* [Given data]:

*** Begin section ***

(* Let $X_1,X_2$, $A,B,C,D$, $X$, $\mathcal{A}$, $\mathcal{D}$ be as in the context with $L=0$, and assume $\overline{\mathsf{R}(A)}=X_1$ and $\overline{\mathsf{R}(D)}=X_2$. Then the operators $CA^{-1}:\mathsf{R}(A)\to X_2$, $Ax\mapsto Cx$, and $BD^{-1}:\mathsf{R}(D)\to X_1$, $Dy\mapsto By$, are well defined and extend uniquely to bounded operators $G=\overline{CA^{-1}}\in\mathscr{L}(X_1,X_2)$ and $H=\overline{BD^{-1}}\in\mathscr{L}(X_2,X_1)$. If one of the operators $I-HG$ and $I-GH$ is boundedly invertible, then $$\|\mathcal{D}x\|_X\lesssim\|\mathcal{A}x\|_X\quad\text{for all }x\in\mathsf{D}(\mathcal{D})=\mathsf{D}(\mathcal{A}).$$ In particular, if in addition $A$ and $D$ are sectorial, this estimate holds if for some $\varepsilon>0$ either $\sup\{\|B(t+D)^{-1}C(t+A)^{-1}\|:t\in(0,\varepsilon)\}<1$ or $\sup\{\|C(t+A)^{-1}B(t+D)^{-1}\|:t\in(0,\varepsilon)\}<1$.
   Context: All Banach spaces are complex. A linear operator $T$ on a Banach space $Y$ is sectorial if there is $\omega\in(0,\pi)$ with $\sigma(T)\subseteq\{z\in\mathbb{C}:|\arg z|\le\omega\}\cup\{0\}$, $\overline{\mathsf{D}(T)}=\overline{\mathsf{R}(T)}=Y$ and $\sup_{|\arg\lambda|>\omega}\|\lambda(\lambda-T)^{-1}\|<\infty$. Setting: $X_1,X_2$ Banach spaces; $A$ on $X_1$ and $D$ on $X_2$ closed densely defined linear operators; $B:\mathsf{D}(B)\subseteq X_2\to X_1$, $C:\mathsf{D}(C)\subseteq X_1\to X_2$ linear with $\mathsf{D}(D)\subseteq\mathsf{D}(B)$, $\mathsf{D}(A)\subseteq\mathsf{D}(C)$ and constants $c_A,c_D\ge0$ with $\|Cx\|\le c_A\|Ax\|$ ($x\in\mathsf{D}(A)$), $\|By\|\le c_D\|Dy\|$ ($y\in\mathsf{D}(D)$) (this is the case $L=0$). $X=X_1\times X_2$, $\mathcal{A}=\begin{bmatrix}A&B\\C&D\end{bmatrix}$, $\mathcal{D}=\begin{bmatrix}A&0\\0&D\end{bmatrix}$, both with domain $\mathsf{D}(A)\times\mathsf{D}(D)$. *)

theory Defs
  imports "HOL-Analysis.Analysis"
begin

class complex_vector = real_vector +
  fixes scaleC :: "complex \<Rightarrow> 'a \<Rightarrow> 'a" (infixr \<open>*\<^sub>C\<close> 75)
  assumes scaleC_add_right: "a *\<^sub>C (x + y) = a *\<^sub>C x + a *\<^sub>C y"
    and scaleC_add_left: "(a + b) *\<^sub>C x = a *\<^sub>C x + b *\<^sub>C x"
    and scaleC_scaleC: "a *\<^sub>C (b *\<^sub>C x) = (a * b) *\<^sub>C x"
    and scaleC_one: "1 *\<^sub>C x = x"
    and scaleR_scaleC: "r *\<^sub>R x = complex_of_real r *\<^sub>C x"
lemma mpoly_deg_le_pearson_remainder:
  assumes "mpoly_deg_le j Q"
  obtains Q' where "\<And>t. (Q has_vector_derivative Q' t) (at t)"
    and "mpoly_deg_le (Suc j)
      (\<lambda>t. Q t ** transpose (pearson_psi a b v t) + Q' t ** transpose (pearson_phi a b v t))"
proof (cases j)
  case 0
  \<comment> \<open>Here Q' = 0; the generic bound for the Phi term would only give degree 2.\<close>
  have "mpoly_deg_le (Suc j) (\<lambda>t. Q t ** transpose (pearson_psi a b v t))"
    using mpoly_deg_le_mult[OF assms mpoly_deg_le_transpose_pearson_psi] by simp
  then show ?thesis
    using that[of "\<lambda>t. 0"] mpoly_deg_le_0_has_vector_derivative assms 0 by simp
next
  case (Suc i)
  obtain Q' where Q': "\<And>t. (Q has_vector_derivative Q' t) (at t)" "mpoly_deg_le i Q'"
    using mpoly_deg_le_has_vector_derivative assms Suc by metis
  have "mpoly_deg_le (Suc j) (\<lambda>t. Q t ** transpose (pearson_psi a b v t))"
    using mpoly_deg_le_mult[OF assms mpoly_deg_le_transpose_pearson_psi] by simp
  moreover have "mpoly_deg_le (Suc j) (\<lambda>t. Q' t ** transpose (pearson_phi a b v t))"
    using mpoly_deg_le_mult[OF Q'(2) mpoly_deg_le_transpose_pearson_phi] Suc by simp
  ultimately show ?thesis
    using that[OF Q'(1)] mpoly_deg_le_add by blast
qed

lemma has_vector_derivative_Wmat_mult_transpose:
  assumes "\<bar>a - b\<bar> < \<bar>v\<bar>" "\<bar>v\<bar> < a + b + 2" and "0 < x" "x < 1"
    and "(Q has_vector_derivative Q') (at x)"
  shows "((\<lambda>t. Wmat (a+1) (b+1) v t ** transpose (Q t)) has_vector_derivative
      Wmat a b v x ** transpose (Q x ** transpose (pearson_psi a b v x) + Q' ** transpose (pearson_phi a b v x)))
      (at x)"
proof -
  have "((\<lambda>t. transpose (Q t)) has_vector_derivative transpose Q') (at x)"
    using bounded_linear.has_vector_derivative[OF bounded_linear_transpose assms(5)] .
  from bounded_bilinear.has_vector_derivative[OF bounded_bilinear_matrix_mult
      has_vector_derivative_Wmat_pearson_psi[OF assms(1-4)] this]
  show ?thesis
    unfolding Wmat_pearson_phi[OF assms(1-4)]
    by (simp add: transpose_add matrix_transpose_mul matrix_add_ldistrib matrix_mul_assoc add.commute)
qed

lemma orth_wrt_Wmat_succ_derivative:
  fixes a b v :: real
  assumes "a > -1" "b > -1" "\<bar>a - b\<bar> < \<bar>v\<bar>" "\<bar>v\<bar> < a + b + 2"
    and "monic_orthogonal (Wmat a b v) E" and "mpoly_deg_le j Q" and "j < n"
  shows "orth_wrt (Wmat (a+1) (b+1) v) (mpoly_eval (mpoly_deriv_coeffs (E (Suc n))) n) Q"
proof -
  define P where "P = mpoly_eval (E (Suc n)) (Suc n)"
  define P' where "P' = mpoly_eval (mpoly_deriv_coeffs (E (Suc n))) n"
  obtain Q' where hQ: "\<And>t. (Q has_vector_derivative Q' t) (at t)"
    and deg_R: "mpoly_deg_le (Suc j)
      (\<lambda>t. Q t ** transpose (pearson_psi a b v t) + Q' t ** transpose (pearson_phi a b v t))"
    using mpoly_deg_le_pearson_remainder[OF assms(6), where a=a and b=b and v=v] by blast
  define R where "R t = Q t ** transpose (pearson_psi a b v t) + Q' t ** transpose (pearson_phi a b v t)" for t
  define f where "f t = P t ** (Wmat (a+1) (b+1) v t ** transpose (Q t))" for t
  have by_parts: "((\<lambda>t. P' t ** Wmat (a+1) (b+1) v t ** transpose (Q t) + P t ** Wmat a b v t ** transpose (R t))
      has_integral f 1 - f 0) {0..1}"
  proof (rule fundamental_theorem_of_calculus_interior)
    have "continuous_on {0..1} Q"
      by (rule continuous_on_vector_derivative) (rule has_vector_derivative_at_within[OF hQ])
    moreover have "continuous_on {0..1} (Wmat (a+1) (b+1) v)"
      using assms(1,2) by (intro continuous_on_Wmat) auto
    ultimately show "continuous_on {0..1} f"
      unfolding f_def P_def
      by (intro bounded_bilinear.continuous_on[OF bounded_bilinear_matrix_mult] continuous_on_mpoly_eval
          bounded_linear.continuous_on[OF bounded_linear_transpose])
    fix x :: real assume "x \<in> {0<..<1}"
    from bounded_bilinear.has_vector_derivative[OF bounded_bilinear_matrix_mult
        has_vector_derivative_mpoly_eval has_vector_derivative_Wmat_mult_transpose[OF assms(3,4) _ _ hQ]]
    show "(f has_vector_derivative
        P' x ** Wmat (a+1) (b+1) v x ** transpose (Q x) + P x ** Wmat a b v x ** transpose (R x)) (at x)"
      using \<open>x \<in> {0<..<1}\<close> unfolding f_def[abs_def] P_def P'_def R_def
      by (simp add: matrix_mul_assoc add.commute)
  qed simp
  have "f 0 = 0" "f 1 = 0"
    unfolding f_def Wmat_eq_scaleR_weight_poly by simp_all
  moreover have lower: "((\<lambda>t. P t ** Wmat a b v t ** transpose (R t)) has_integral 0) {0..1}"
    using orth_wrt_lower_degree[OF assms(5) deg_R] assms(7)
    unfolding orth_wrt_def P_def R_def by simp
  moreover note has_integral_diff[OF by_parts lower]
  ultimately have "((\<lambda>t. P' t ** Wmat (a+1) (b+1) v t ** transpose (Q t)) has_integral 0) {0..1}"
    by simp
  then show ?thesis
    unfolding orth_wrt_def P'_def .
qed

definition monic_derivatives :: "(nat \<Rightarrow> nat \<Rightarrow> real^2^2) \<Rightarrow> nat \<Rightarrow> nat \<Rightarrow> real^2^2" where
  "monic_derivatives E j i = (1 / real (Suc j)) *\<^sub>R mpoly_deriv_coeffs (E (Suc j)) i"

lemma monic_orthogonal_monic_derivatives:
  fixes a b v :: real
  assumes "a > -1" "b > -1" "\<bar>a - b\<bar> < \<bar>v\<bar>" "\<bar>v\<bar> < a + b + 2"
    and "monic_orthogonal (Wmat a b v) E"
  shows "monic_orthogonal (Wmat (a+1) (b+1) v) (monic_derivatives E)"
proof -
  have "monic_deg (monic_derivatives E j) j" for j
    using assms(5) unfolding monic_orthogonal_def monic_deg_def monic_derivatives_def mpoly_deriv_coeffs_def
    by simp
  moreover have lower: "orth_wrt (Wmat (a+1) (b+1) v)
      (mpoly_eval (monic_derivatives E i) i) (mpoly_eval (monic_derivatives E j) j)" if "j < i" for i j
  proof -
    have "orth_wrt (Wmat (a+1) (b+1) v) (mpoly_eval (mpoly_deriv_coeffs (E (Suc i))) i)
        (mpoly_eval (monic_derivatives E j) j)"
      using orth_wrt_Wmat_succ_derivative[OF assms mpoly_deg_le_mpoly_eval that] .
    from orth_wrt_scaleR[OF this, of "1 / real (Suc i)" 1]
    show ?thesis
      unfolding monic_derivatives_def mpoly_eval_scaleR[abs_def] by simp
  qed
  moreover have "orth_wrt (Wmat (a+1) (b+1) v)
      (mpoly_eval (monic_derivatives E i) i) (mpoly_eval (monic_derivatives E j) j)" if "i < j" for i j
    using orth_wrt_sym[OF transpose_Wmat lower[OF that]] .
  ultimately show ?thesis
    unfolding monic_orthogonal_def by (metis linorder_neqE_nat)
qed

*** End section ***

* [Exercise details]:
Word for word, restate the lines above from the line containing "real (Suc j))" through the line containing "using orth_wrt_Wmat_succ_derivative[OF assms", with both included and nothing else.

* [Answer to this exercise]:
  "monic_derivatives E j i = (1 / real (Suc j)) *\<^sub>R mpoly_deriv_coeffs (E (Suc j)) i"

lemma monic_orthogonal_monic_derivatives:
  fixes a b v :: real
  assumes "a > -1" "b > -1" "\<bar>a - b\<bar> < \<bar>v\<bar>" "\<bar>v\<bar> < a + b + 2"
    and "monic_orthogonal (Wmat a b v) E"
  shows "monic_orthogonal (Wmat (a+1) (b+1) v) (monic_derivatives E)"
proof -
  have "monic_deg (monic_derivatives E j) j" for j
    using assms(5) unfolding monic_orthogonal_def monic_deg_def monic_derivatives_def mpoly_deriv_coeffs_def
    by simp
  moreover have lower: "orth_wrt (Wmat (a+1) (b+1) v)
      (mpoly_eval (monic_derivatives E i) i) (mpoly_eval (monic_derivatives E j) j)" if "j < i" for i j
  proof -
    have "orth_wrt (Wmat (a+1) (b+1) v) (mpoly_eval (mpoly_deriv_coeffs (E (Suc i))) i)
        (mpoly_eval (monic_derivatives E j) j)"
      using orth_wrt_Wmat_succ_derivative[OF assms mpoly_deg_le_mpoly_eval that] .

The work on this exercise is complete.